> _Record excerpts_:
—————

(* For any constant $\gamma>0$, the map $\mathrm{Prox}_p:\mathbb{R}^n\to\mathbb{R}^n$ is $\gamma$-order semismooth on $\mathbb{R}^n$ with respect to the multifunction $\mathcal M$; that is, $\mathrm{Prox}_p$ is directionally differentiable everywhere, and for every $x\in\mathbb{R}^n$, $\mathrm{Prox}_p(x+\Delta x)-\mathrm{Prox}_p(x)-V\Delta x=O(\|\Delta x\|^{1+\gamma})$ as $\Delta x\to0$, uniformly over $V\in\mathcal M(x+\Delta x)$.
   Context: $\beta,\rho>0$; $p(x):=\beta\|x\|_1+\rho\sum_{1\le i<j\le n}|x_i-x_j|$; $\mathrm{Prox}_p(y):=\operatorname{argmin}_x\{\tfrac12\|x-y\|^2+p(x)\}$. $S_\rho(y):=\operatorname{argmin}_x\{\tfrac12\|x-y\|^2+\rho\sum_{i<j}|x_i-x_j|\}$. $w_k=n-2k+1$. $\mathcal D:=\{x: x_1\ge\cdots\ge x_n\}$, $\Pi_{\mathcal D}$ the Euclidean projection. $B\in\mathbb{R}^{(n-1)\times n}$ with $Bx=(x_1-x_2,\dots,x_{n-1}-x_n)^T$. For each $y$, $P_y$ is a fixed permutation matrix with $P_yy$ non-increasing. For $v\in\mathbb{R}^n$: $\mathcal M_{\mathcal D}(v)$ is the set of $\lambda\in\mathbb{R}^{n-1}$ with $\Pi_{\mathcal D}(v)-v+B^T\lambda=0$, $B\Pi_{\mathcal D}(v)\ge0$, $\lambda\le0$, $\lambda^TB\Pi_{\mathcal D}(v)=0$; $\mathcal I_{\mathcal D}(v):=\{i: B_i\Pi_{\mathcal D}(v)=0\}$; $\mathcal K_{\mathcal D}(v):=\{K:\exists\lambda\in\mathcal M_{\mathcal D}(v),\ \mathrm{supp}(\lambda)\subseteq K\subseteq\mathcal I_{\mathcal D}(v),\ B_K\text{ full row rank}\}$; $\mathcal Q_{\mathcal D}(v):=\{I_n-B_K^T(B_KB_K^T)^{-1}B_K:K\in\mathcal K_{\mathcal D}(v)\}$; $\mathcal Q_{S_\rho}(y):=\{P_y^T\widehat QP_y:\widehat Q\in\mathcal Q_{\mathcal D}(P_yy-\rho w)\}$. $\partial_B\mathrm{Prox}_{\beta\|\cdot\|_1}(\eta)$ is the set of $\mathrm{Diag}(q)$ with $q_i=0$ if $|\eta_i|<\beta$, $q_i\in\{0,1\}$ if $|\eta_i|=\beta$, $q_i=1$ otherwise. $\mathcal M(y):=\{M \text{ symmetric}: M=\Theta Q,\ \Theta\in\partial_B\mathrm{Prox}_{\beta\|\cdot\|_1}(S_\rho(y)),\ Q\in\mathcal Q_{S_\rho}(y)\}$. *)

theory Defs
  imports "HOL-Analysis.Analysis"
begin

—————

> _Task item_: When you write the entries out again, keep every word and mark exactly as it is.

> _Written response_:
(* For any constant $\gamma>0$, the map $\mathrm{Prox}_p:\mathbb{R}^n\to\mathbb{R}^n$ is $\gamma$-order semismooth on $\mathbb{R}^n$ with respect to the multifunction $\mathcal M$; that is, $\mathrm{Prox}_p$ is directionally differentiable everywhere, and for every $x\in\mathbb{R}^n$, $\mathrm{Prox}_p(x+\Delta x)-\mathrm{Prox}_p(x)-V\Delta x=O(\|\Delta x\|^{1+\gamma})$ as $\Delta x\to0$, uniformly over $V\in\mathcal M(x+\Delta x)$.
   Context: $\beta,\rho>0$; $p(x):=\beta\|x\|_1+\rho\sum_{1\le i<j\le n}|x_i-x_j|$; $\mathrm{Prox}_p(y):=\operatorname{argmin}_x\{\tfrac12\|x-y\|^2+p(x)\}$. $S_\rho(y):=\operatorname{argmin}_x\{\tfrac12\|x-y\|^2+\rho\sum_{i<j}|x_i-x_j|\}$. $w_k=n-2k+1$. $\mathcal D:=\{x: x_1\ge\cdots\ge x_n\}$, $\Pi_{\mathcal D}$ the Euclidean projection. $B\in\mathbb{R}^{(n-1)\times n}$ with $Bx=(x_1-x_2,\dots,x_{n-1}-x_n)^T$. For each $y$, $P_y$ is a fixed permutation matrix with $P_yy$ non-increasing. For $v\in\mathbb{R}^n$: $\mathcal M_{\mathcal D}(v)$ is the set of $\lambda\in\mathbb{R}^{n-1}$ with $\Pi_{\mathcal D}(v)-v+B^T\lambda=0$, $B\Pi_{\mathcal D}(v)\ge0$, $\lambda\le0$, $\lambda^TB\Pi_{\mathcal D}(v)=0$; $\mathcal I_{\mathcal D}(v):=\{i: B_i\Pi_{\mathcal D}(v)=0\}$; $\mathcal K_{\mathcal D}(v):=\{K:\exists\lambda\in\mathcal M_{\mathcal D}(v),\ \mathrm{supp}(\lambda)\subseteq K\subseteq\mathcal I_{\mathcal D}(v),\ B_K\text{ full row rank}\}$; $\mathcal Q_{\mathcal D}(v):=\{I_n-B_K^T(B_KB_K^T)^{-1}B_K:K\in\mathcal K_{\mathcal D}(v)\}$; $\mathcal Q_{S_\rho}(y):=\{P_y^T\widehat QP_y:\widehat Q\in\mathcal Q_{\mathcal D}(P_yy-\rho w)\}$. $\partial_B\mathrm{Prox}_{\beta\|\cdot\|_1}(\eta)$ is the set of $\mathrm{Diag}(q)$ with $q_i=0$ if $|\eta_i|<\beta$, $q_i\in\{0,1\}$ if $|\eta_i|=\beta$, $q_i=1$ otherwise. $\mathcal M(y):=\{M \text{ symmetric}: M=\Theta Q,\ \Theta\in\partial_B\mathrm{Prox}_{\beta\|\cdot\|_1}(S_\rho(y)),\ Q\in\mathcal Q_{S_\rho}(y)\}$. *)

theory Defs
  imports "HOL-Analysis.Analysis"
begin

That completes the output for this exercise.